Usage
graphscan_1d(data, format = "fasta", events_series = "all",
id = NULL, n_simulation = 199, cluster_analysis = "both",
normalisation_factor = NULL, alpha = 0.05,
cluster_user_choice = "positive")
Arguments
data
main argument to define the format of the data. 'data' can be a vector of character string corresponding to files names of aligned DNA sequences. In this case, the format can be precised with argument 'format'. 'data' can be also a list of class 'DNAbin' produced by 'read.dna' function of 'ape' package. In all cases, DNA sequences must be aligned.

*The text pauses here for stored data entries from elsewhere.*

(* Let $M\ge 1$ and $0<p_1<p_2<\cdots<p_M$ be real numbers. For arbitrary real constants $c_1,\ldots,c_M$ define, for $(x,t)\in\mathbb{R}^2$, \[ \tau(x,t)=\sum_{A\in\{-1,1\}^M} e^{\Theta_A},\qquad \Theta_A=\sum_{j=1}^M \alpha_j\,\theta_j+\log\Delta_A, \] where $A=(\alpha_1,\ldots,\alpha_M)$, $\theta_j=p_j\,(x+p_j^2\,t+c_j)$, and $\Delta_A=\big|\prod_{1\le j<k\le M}(\alpha_k p_k-\alpha_j p_j)\big|$ (the absolute value of the Vandermonde determinant of $\alpha_1p_1,\ldots,\alpha_Mp_M$). Then $2(\log\tau)_{xx}=2(\log\tau_H)_{xx}$, where $\tau_H$ is the Hirota $\tau$-function \[ \tau_H=\sum_{\mu_1,\ldots,\mu_M=0,1}\exp\Big(\sum_{j=1}^M\mu_j\eta_j+\sum_{1\le j<k\le M}b_{jk}\,\mu_j\mu_k\Big), \] with $\eta_j=2p_j\,(x+p_j^2\,t+\tilde c_j)$, $b_{jk}=\log\big[(p_k-p_j)^2/(p_k+p_j)^2\big]$, and $\tilde c_j=c_j+\frac{1}{2p_j}\log\Big|\prod_{k\neq j}\frac{p_k+p_j}{p_k-p_j}\Big|$. Consequently, $u=2(\log\tau)_{xx}$, as $c_1,\ldots,c_M$ range over $\mathbb{R}$, gives exactly the $M$-soliton solutions $u=2(\log\tau_H)_{xx}$ (with arbitrary real $\tilde c_1,\ldots,\tilde c_M$) of the KdV equation $4u_t=u_{xxx}+6uu_x$.
   Context: Subscripts denote partial derivatives. The $M$-soliton solution of the KdV equation $4u_t=u_{xxx}+6uu_x$ with parameters $0<p_1<\cdots<p_M$ and arbitrary real constants $\tilde c_j$ is $u=2(\log\tau_H)_{xx}$ with $\tau_H$ as given in the claim. *)

theory Defs
  imports "HOL-Analysis.Analysis"
begin

text \<open>Indices j = 0,...,M-1 (0-based). Sign vectors A in {-1,1}^M are
extensional functions in PiE {..<M} (\<lambda>_. {-1,1}).\<close>

definition pairsM :: "nat \<Rightarrow> (nat \<times> nat) set" where
  "pairsM M = {(j, k). j < k \<and> k < M}"

definition DeltaA :: "nat \<Rightarrow> (nat \<Rightarrow> real) \<Rightarrow> (nat \<Rightarrow> real) \<Rightarrow> real" where
  "DeltaA M p A = \<bar>\<Prod>(j, k)\<in>pairsM M. (A k * p k - A j * p j)\<bar>"

definition ThetaA :: "nat \<Rightarrow> (nat \<Rightarrow> real) \<Rightarrow> (nat \<Rightarrow> real) \<Rightarrow> (nat \<Rightarrow> real) \<Rightarrow> real \<Rightarrow> real \<Rightarrow> real" where
  "ThetaA M p c A x t = (\<Sum>j<M. A j * (p j * (x + (p j)\<^sup>2 * t + c j))) + ln (DeltaA M p A)"

definition tau :: "nat \<Rightarrow> (nat \<Rightarrow> real) \<Rightarrow> (nat \<Rightarrow> real) \<Rightarrow> real \<Rightarrow> real \<Rightarrow> real" where
  "tau M p c x t = (\<Sum>A\<in>PiE {..<M} (\<lambda>_. {-1, 1}). exp (ThetaA M p c A x t))"

definition b_coef :: "(nat \<Rightarrow> real) \<Rightarrow> nat \<Rightarrow> nat \<Rightarrow> real" where
  "b_coef p j k = ln ((p k - p j)\<^sup>2 / (p k + p j)\<^sup>2)"

definition tauH :: "nat \<Rightarrow> (nat \<Rightarrow> real) \<Rightarrow> (nat \<Rightarrow> real) \<Rightarrow> real \<Rightarrow> real \<Rightarrow> real" where
  "tauH M p ct x t = (\<Sum>\<mu>\<in>PiE {..<M} (\<lambda>_. {0, 1}).
      exp ((\<Sum>j<M. \<mu> j * (2 * p j * (x + (p j)\<^sup>2 * t + ct j)))
           + (\<Sum>(j, k)\<in>pairsM M. b_coef p j k * \<mu> j * \<mu> k)))"

definition ctilde :: "nat \<Rightarrow> (nat \<Rightarrow> real) \<Rightarrow> (nat \<Rightarrow> real) \<Rightarrow> nat \<Rightarrow> real" where
  "ctilde M p c j = c j + 1 / (2 * p j) *
      ln \<bar>\<Prod>k\<in>{..<M} - {j}. (p k + p j) / (p k - p j)\<bar>"

definition uxx :: "(real \<Rightarrow> real \<Rightarrow> real) \<Rightarrow> real \<Rightarrow> real \<Rightarrow> real" where
  "uxx F x t = 2 * deriv (\<lambda>y. deriv (\<lambda>z. ln (F z t)) y) x"

end

theory Submission
  imports Defs
begin

(* Put alpha = 2 mu - 1 with mu in {0,1}^M. For j < k the factor |alpha_k p_k - alpha_j p_j| of
   Delta_A is (p_k - p_j) * r_jk^(mu_j + mu_k) * exp (b_jk mu_j mu_k) with r_jk = (p_k + p_j)/(p_k - p_j).
   Collecting the powers of r_jk index by index gives exactly the shifts c~_j, so
   tau = V * exp (- sum_j theta_j) * tau_H, where V = prod_{j<k} (p_k - p_j) > 0. The prefactor is the
   exponential of a function affine in x and drops out of (log tau)_xx. Finally c |-> c~ is a
   translation, hence onto. *)

lemma finite_pairsM: "finite (pairsM M)"
  by (rule finite_subset[of _ "{..<M} \<times> {..<M}"]) (auto simp: pairsM_def)

lemma sum_off_diagonal_eq_sum_pairsM:
  fixes f :: "nat \<Rightarrow> nat \<Rightarrow> 'a::comm_monoid_add"
  shows "(\<Sum>j<M. \<Sum>k\<in>{..<M} - {j}. f j k) = (\<Sum>(j, k)\<in>pairsM M. f j k + f k j)"
proof -
  have "(\<Sum>j<M. \<Sum>k\<in>{..<M} - {j}. f j k) = (\<Sum>(j, k)\<in>Sigma {..<M} (\<lambda>j. {..<M} - {j}). f j k)"
    by (rule sum.Sigma) auto
  also have "Sigma {..<M} (\<lambda>j. {..<M} - {j}) = pairsM M \<union> prod.swap ` pairsM M"
    by (auto simp: pairsM_def image_iff)
  also have "(\<Sum>(j, k)\<in>pairsM M \<union> prod.swap ` pairsM M. f j k) =
      (\<Sum>(j, k)\<in>pairsM M. f j k) + (\<Sum>(j, k)\<in>prod.swap ` pairsM M. f j k)"
    by (rule sum.union_disjoint) (use finite_pairsM in \<open>auto simp: pairsM_def\<close>)
  also have "(\<Sum>(j, k)\<in>prod.swap ` pairsM M. f j k) = (\<Sum>(j, k)\<in>pairsM M. f k j)"
    by (subst sum.reindex) (auto simp: case_prod_unfold)
  finally show ?thesis
    by (simp add: sum.distrib case_prod_unfold)
qed

lemma abs_signed_diff_factor:
  fixes a b m n :: real
  assumes "0 < a" "a < b" "m \<in> {0, 1}" "n \<in> {0, 1}"
  shows "\<bar>(2 * n - 1) * b - (2 * m - 1) * a\<bar> =
    (b - a) * exp ((m + n) * ln ((b + a) / (b - a)) + m * n * ln ((b - a)\<^sup>2 / (b + a)\<^sup>2))"
proof -
  have r: "exp (ln ((b + a) / (b - a))) = (b + a) / (b - a)"
    and s: "exp (ln ((b - a)\<^sup>2 / (b + a)\<^sup>2)) = (b - a)\<^sup>2 / (b + a)\<^sup>2"
    using assms(1,2) by simp_all
  have "exp (2 * ln ((b + a) / (b - a)) + ln ((b - a)\<^sup>2 / (b + a)\<^sup>2)) = 1"
    unfolding exp_add mult_2 r s using assms(1,2) by (simp add: power2_eq_square)
  then show ?thesis
    using assms by (auto simp: r field_simps)
qed

locale soliton_speeds =
  fixes M :: nat and p :: "nat \<Rightarrow> real"
  assumes pos: "\<And>j. j < M \<Longrightarrow> 0 < p j"
    and strict_mono: "\<And>j k. j < k \<Longrightarrow> k < M \<Longrightarrow> p j < p k"
begin

lemma pairsM_speeds:
  assumes "(j, k) \<in> pairsM M"
  shows "0 < p j" "p j < p k"
  using assms pos strict_mono by (auto simp: pairsM_def)

lemma vandermonde_pos: "0 < (\<Prod>(j, k)\<in>pairsM M. p k - p j)"
  by (rule prod_pos) (auto dest: pairsM_speeds)

lemma DeltaA_sign_vector:
  assumes \<mu>: "\<mu> \<in> PiE {..<M} (\<lambda>_. {0, 1})"
  shows "DeltaA M p (\<lambda>j\<in>{..<M}. 2 * \<mu> j - 1) = (\<Prod>(j, k)\<in>pairsM M. p k - p j) *
    exp (\<Sum>(j, k)\<in>pairsM M. (\<mu> j + \<mu> k) * ln ((p k + p j) / (p k - p j)) + b_coef p j k * \<mu> j * \<mu> k)"
proof -
  have "\<bar>(\<lambda>j\<in>{..<M}. 2 * \<mu> j - 1) k * p k - (\<lambda>j\<in>{..<M}. 2 * \<mu> j - 1) j * p j\<bar> =
      (p k - p j) * exp ((\<mu> j + \<mu> k) * ln ((p k + p j) / (p k - p j)) + b_coef p j k * \<mu> j * \<mu> k)"
    if jk: "(j, k) \<in> pairsM M" for j k
  proof -
    have "j < M" "k < M" using jk by (auto simp: pairsM_def)
    then show ?thesis
      using abs_signed_diff_factor[OF pairsM_speeds[OF jk], of "\<mu> j" "\<mu> k"] \<mu>
      by (auto simp: b_coef_def PiE_iff mult_ac)
  qed
  then show ?thesis
    unfolding DeltaA_def abs_prod exp_sum[OF finite_pairsM]
    by (simp add: case_prod_unfold prod.distrib[symmetric] cong: prod.cong)
qed

lemma sum_pairsM_ln_ratio:
  "(\<Sum>(j, k)\<in>pairsM M. (\<mu> j + \<mu> k) * ln ((p k + p j) / (p k - p j))) =
   (\<Sum>j<M. \<mu> j * ln \<bar>\<Prod>k\<in>{..<M} - {j}. (p k + p j) / (p k - p j)\<bar>)"
proof -
  have ratio_nonzero: "(p k + p j) / (p k - p j) \<noteq> 0" if "j < M" "k \<in> {..<M} - {j}" for j k
  proof -
    have "p k \<noteq> p j"
      using that strict_mono[of j k] strict_mono[of k j] by (cases "j < k") auto
    then show ?thesis
      using that pos[of j] pos[of k] by simp
  qed
  have "(\<Sum>j<M. \<mu> j * ln \<bar>\<Prod>k\<in>{..<M} - {j}. (p k + p j) / (p k - p j)\<bar>) =
      (\<Sum>j<M. \<Sum>k\<in>{..<M} - {j}. \<mu> j * ln \<bar>(p k + p j) / (p k - p j)\<bar>)"
    unfolding abs_prod sum_distrib_left[symmetric]
    by (intro sum.cong refl arg_cong2[where f = "(*)"] ln_prod) (auto dest: ratio_nonzero)
  also have "\<dots> = (\<Sum>(j, k)\<in>pairsM M. (\<mu> j + \<mu> k) * ln ((p k + p j) / (p k - p j)))"
    unfolding sum_off_diagonal_eq_sum_pairsM
  proof (intro sum.cong refl, clarify)
    fix j k assume "(j, k) \<in> pairsM M"
    from pairsM_speeds[OF this] have "\<bar>(p k + p j) / (p k - p j)\<bar> = (p k + p j) / (p k - p j)"
      and "\<bar>(p j + p k) / (p j - p k)\<bar> = (p k + p j) / (p k - p j)"
      by (auto simp: abs_div add.commute)
    then show "\<mu> j * ln \<bar>(p k + p j) / (p k - p j)\<bar> + \<mu> k * ln \<bar>(p j + p k) / (p j - p k)\<bar> =
        (\<mu> j + \<mu> k) * ln ((p k + p j) / (p k - p j))"
      by (simp add: algebra_simps)
  qed
  finally show ?thesis ..
qed

lemma ThetaA_sign_vector:
  assumes \<mu>: "\<mu> \<in> PiE {..<M} (\<lambda>_. {0, 1})"
  shows "ThetaA M p c (\<lambda>j\<in>{..<M}. 2 * \<mu> j - 1) x t =
    ln (\<Prod>(j, k)\<in>pairsM M. p k - p j) - (\<Sum>j<M. p j * (x + (p j)\<^sup>2 * t + c j)) +
    ((\<Sum>j<M. \<mu> j * (2 * p j * (x + (p j)\<^sup>2 * t + ctilde M p c j)))
      + (\<Sum>(j, k)\<in>pairsM M. b_coef p j k * \<mu> j * \<mu> k))"
proof -
  define \<theta> where "\<theta> j = p j * (x + (p j)\<^sup>2 * t + c j)" for j
  define \<gamma> where "\<gamma> j = ln \<bar>\<Prod>k\<in>{..<M} - {j}. (p k + p j) / (p k - p j)\<bar>" for j
  have hirota_phase: "\<mu> j * (2 * p j * (x + (p j)\<^sup>2 * t + ctilde M p c j)) = 2 * \<mu> j * \<theta> j + \<mu> j * \<gamma> j"
    if "j \<in> {..<M}" for j
    using pos[of j] that by (simp add: ctilde_def \<theta>_def \<gamma>_def field_simps)
  have ln_Delta: "ln (DeltaA M p (\<lambda>j\<in>{..<M}. 2 * \<mu> j - 1)) = ln (\<Prod>(j, k)\<in>pairsM M. p k - p j) +
      ((\<Sum>j<M. \<mu> j * \<gamma> j) + (\<Sum>(j, k)\<in>pairsM M. b_coef p j k * \<mu> j * \<mu> k))"
    unfolding DeltaA_sign_vector[OF \<mu>] \<gamma>_def sum_pairsM_ln_ratio[symmetric] sum.distrib[symmetric]
    using vandermonde_pos by (simp add: ln_mult case_prod_unfold)
  have "(\<Sum>j<M. (\<lambda>j\<in>{..<M}. 2 * \<mu> j - 1) j * \<theta> j) = (\<Sum>j<M. 2 * \<mu> j * \<theta> j - \<theta> j)"
    by (rule sum.cong) (auto simp: algebra_simps)
  moreover have "(\<Sum>j<M. \<mu> j * (2 * p j * (x + (p j)\<^sup>2 * t + ctilde M p c j))) =
      (\<Sum>j<M. 2 * \<mu> j * \<theta> j + \<mu> j * \<gamma> j)"
    by (rule sum.cong) (simp_all add: hirota_phase)
  ultimately show ?thesis
    unfolding ThetaA_def \<theta>_def[symmetric] ln_Delta by (simp add: sum.distrib sum_subtractf)
qed

lemma tau_eq_scaled_tauH:
  "tau M p c x t = (\<Prod>(j, k)\<in>pairsM M. p k - p j) *
    exp (- (\<Sum>j<M. p j * (x + (p j)\<^sup>2 * t + c j))) * tauH M p (ctilde M p c) x t"
proof -
  let ?sign = "\<lambda>\<mu> :: nat \<Rightarrow> real. \<lambda>j\<in>{..<M}. 2 * \<mu> j - 1"
  have bij: "bij_betw ?sign (PiE {..<M} (\<lambda>_. {0, 1})) (PiE {..<M} (\<lambda>_. {-1, 1}))"
  proof (rule bij_betw_byWitness[where f' = "\<lambda>A. \<lambda>j\<in>{..<M}. (A j + 1) / 2"])
  qed (auto simp: fun_eq_iff PiE_def Pi_def extensional_def field_simps)
  have "tau M p c x t = (\<Sum>\<mu>\<in>PiE {..<M} (\<lambda>_. {0, 1}). exp (ThetaA M p c (?sign \<mu>) x t))"
    unfolding tau_def by (rule sum.reindex_bij_betw[OF bij, symmetric])
  also have "\<dots> = (\<Sum>\<mu>\<in>PiE {..<M} (\<lambda>_. {0, 1}). (\<Prod>(j, k)\<in>pairsM M. p k - p j) *
    exp (- (\<Sum>j<M. p j * (x + (p j)\<^sup>2 * t + c j))) *
    exp ((\<Sum>j<M. \<mu> j * (2 * p j * (x + (p j)\<^sup>2 * t + ctilde M p c j)))
      + (\<Sum>(j, k)\<in>pairsM M. b_coef p j k * \<mu> j * \<mu> k)))"
    using vandermonde_pos
    by (intro sum.cong refl, subst ThetaA_sign_vector) (simp_all add: exp_add exp_diff exp_minus divide_inverse)
  also have "\<dots> = (\<Prod>(j, k)\<in>pairsM M. p k - p j) *
    exp (- (\<Sum>j<M. p j * (x + (p j)\<^sup>2 * t + c j))) * tauH M p (ctilde M p c) x t"
    by (simp add: tauH_def sum_distrib_left)
  finally show ?thesis .
qed

end

lemma tauH_pos: "0 < tauH M p ct x t"
  unfolding tauH_def by (rule sum_pos) (auto simp: PiE_eq_empty_iff intro: finite_PiE)

lemma tauH_differentiable: "(\<lambda>x. tauH M p ct x t) differentiable (at x)"
  unfolding tauH_def real_differentiable_def by (rule exI, (rule derivative_intros)+)

lemma deriv_add_const: "deriv (\<lambda>y. g y + (a::real)) x = deriv g x"
  by (simp add: deriv_def has_real_derivative_iff_has_vector_derivative has_vector_derivative_add_const)

lemma uxx_mult_exp_affine:
  fixes F G :: "real \<Rightarrow> real \<Rightarrow> real"
  assumes F: "\<And>z. F z t = K * exp (a * z + b) * G z t"
    and K: "0 < K" and G_pos: "\<And>z. 0 < G z t"
    and G_diff: "\<And>z. (\<lambda>z. G z t) differentiable (at z)"
  shows "uxx F x t = uxx G x t"
proof -
  have ln_G: "((\<lambda>z. ln (G z t)) has_real_derivative deriv (\<lambda>z. ln (G z t)) y) (at y)" for y
  proof -
    have "((\<lambda>z. ln (G z t)) has_real_derivative 1 / G y t * deriv (\<lambda>z. G z t) y) (at y)"
      by (rule DERIV_chain2[where g = "\<lambda>z. G z t", OF DERIV_ln_divide[OF G_pos]])
        (use G_diff DERIV_deriv_iff_real_differentiable in blast)
    with DERIV_imp_deriv show ?thesis by metis
  qed
  have ln_F: "(\<lambda>z. ln (F z t)) = (\<lambda>z. ln (G z t) + (a * z + b + ln K))"
  proof
    fix z
    show "ln (F z t) = ln (G z t) + (a * z + b + ln K)"
      using K G_pos[of z] by (simp add: F ln_mult)
  qed
  have "deriv (\<lambda>z. ln (F z t)) y = deriv (\<lambda>z. ln (G z t)) y + a" for y
  proof -
    have "((\<lambda>z. ln (G z t) + (a * z + b + ln K)) has_real_derivative
        deriv (\<lambda>z. ln (G z t)) y + a) (at y)"
      by (rule derivative_eq_intros ln_G refl)+ simp
    then show ?thesis
      unfolding ln_F by (rule DERIV_imp_deriv)
  qed
  then show ?thesis
    by (simp add: uxx_def deriv_add_const)
qed

theorem proposition1:
  fixes M :: nat and p :: "nat \<Rightarrow> real"
  assumes "M \<ge> 1"
    and "0 < p 0"
    and "\<And>j k. j < k \<Longrightarrow> k < M \<Longrightarrow> p j < p k"
  shows "(\<forall>c x t. uxx (tau M p c) x t = uxx (tauH M p (ctilde M p c)) x t)
       \<and> {uxx (tau M p c) | c. True} = {uxx (tauH M p ct) | ct. True}"
proof -
  interpret soliton_speeds M p
  proof
    show "0 < p j" if "j < M" for j
      using assms(2) assms(3)[of 0 j] that by (cases "j = 0") auto
  qed (fact assms(3))
  have uxx_tau: "uxx (tau M p c) x t = uxx (tauH M p (ctilde M p c)) x t" for c x t
  proof (rule uxx_mult_exp_affine[OF _ vandermonde_pos tauH_pos tauH_differentiable])
    fix z
    have "(\<Sum>j<M. p j * (z + (p j)\<^sup>2 * t + c j)) = (\<Sum>j<M. p j) * z + (\<Sum>j<M. p j * ((p j)\<^sup>2 * t + c j))"
      by (simp add: algebra_simps sum.distrib sum_distrib_left)
    then show "tau M p c z t = (\<Prod>(j, k)\<in>pairsM M. p k - p j) *
        exp (- (\<Sum>j<M. p j) * z + - (\<Sum>j<M. p j * ((p j)\<^sup>2 * t + c j))) * tauH M p (ctilde M p c) z t"
      by (simp add: tau_eq_scaled_tauH)
  qed
  then have uxx_tau_fun: "uxx (tau M p c) = uxx (tauH M p (ctilde M p c))" for c
    by (simp add: fun_eq_iff)
  have ctilde_onto: "ctilde M p (\<lambda>j. ct j - ctilde M p (\<lambda>_. 0) j) = ct" for ct
    by (simp add: ctilde_def fun_eq_iff)
  have "{uxx (tau M p c) | c. True} = {uxx (tauH M p ct) | ct. True}"
    unfolding uxx_tau_fun by (auto, metis ctilde_onto)
  with uxx_tau show ?thesis by blast
qed

end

Finally 'data' can be a 'list' of numeric vector containing the positions of events. This list is called a series of events. These events are not be necessarily on the same segment and not also necessarily on a [0,1] segment. The argument 'normalisation_factor' allows to fix the upper and lower bounds of each events series.
format
a character string corresponding to the format of the DNA
sequences contained in files of argument 'data'. This is used by 'read.dna' function of 'ape' package. Possibles values are "interleaved","sequential","clustal" or "fasta" (default).
events_series
used if 'data' is a set of files names of aligned DNA sequences or list of class 'DNAbin'. 'events_series' can be a list of the form 'list(A,B)' where 'A' and 'B' corresponding to 2 vectors of sequences identifiants. The crossing AxB product is made to obtain a list of the series of events corresponding to the comparison between each sequence from 'A' to each sequence from 'B'. 'events_series' can be also a character string containing "all", in this case all possible comparison between sequences is made.
id
a character string corresponding to the prefix used to create the names of the events series.
n_simulation
number of simulations (default value 199) used to compute the p-values of clusters in a Monte-Carlo process. The value of 'n_simulation' is stored in the slot 'param' and can be modified by the function 'cluster'.
cluster_analysis
a character string corresponding to "positive", "negative" or "both" (default value) to detect respectively only the positives clusters, only the negatives clusters or both positives and negatives clusters. The value of 'cluster_analysis' is stored in the slot 'param' and can be modified by the function 'cluster'.
normalisation_factor
a list of vectors with a size equal to the number of events series. Each vector contains 2 integers: the minimum and the maximum for the events positions of series of events.
The maximum is the length of the DNA sequences if 'data' argument is a vector of character or an object of class "DNAbin". In these cases, the 'normalisation_factor' is automatically computed by the function 'graphscan_1d'.
If 'data' is a 'list' of numeric vector containing the positions of events the 'normalisation_factor' must be specified as a 'list' containing the upper and lower bounds of each events series. The values of 'normalisation_factor' are stored in the slot 'param'.
alpha
the threshold of significance (p-value) for keeping the candidate clusters. The value of 'alpha' is stored in the slot 'param'.
cluster_user_choice
use if 'cluster_analysis="both"'. 'cluster_user_choice' is a string character corresponding to "positive" (default value), "negative" or "random". If two candidates clusters one positive and one negative have the same p-value this argument indicates how to choose between these 2 clusters. The value of 'cluster_user_choice' is stored in the slot 'param'.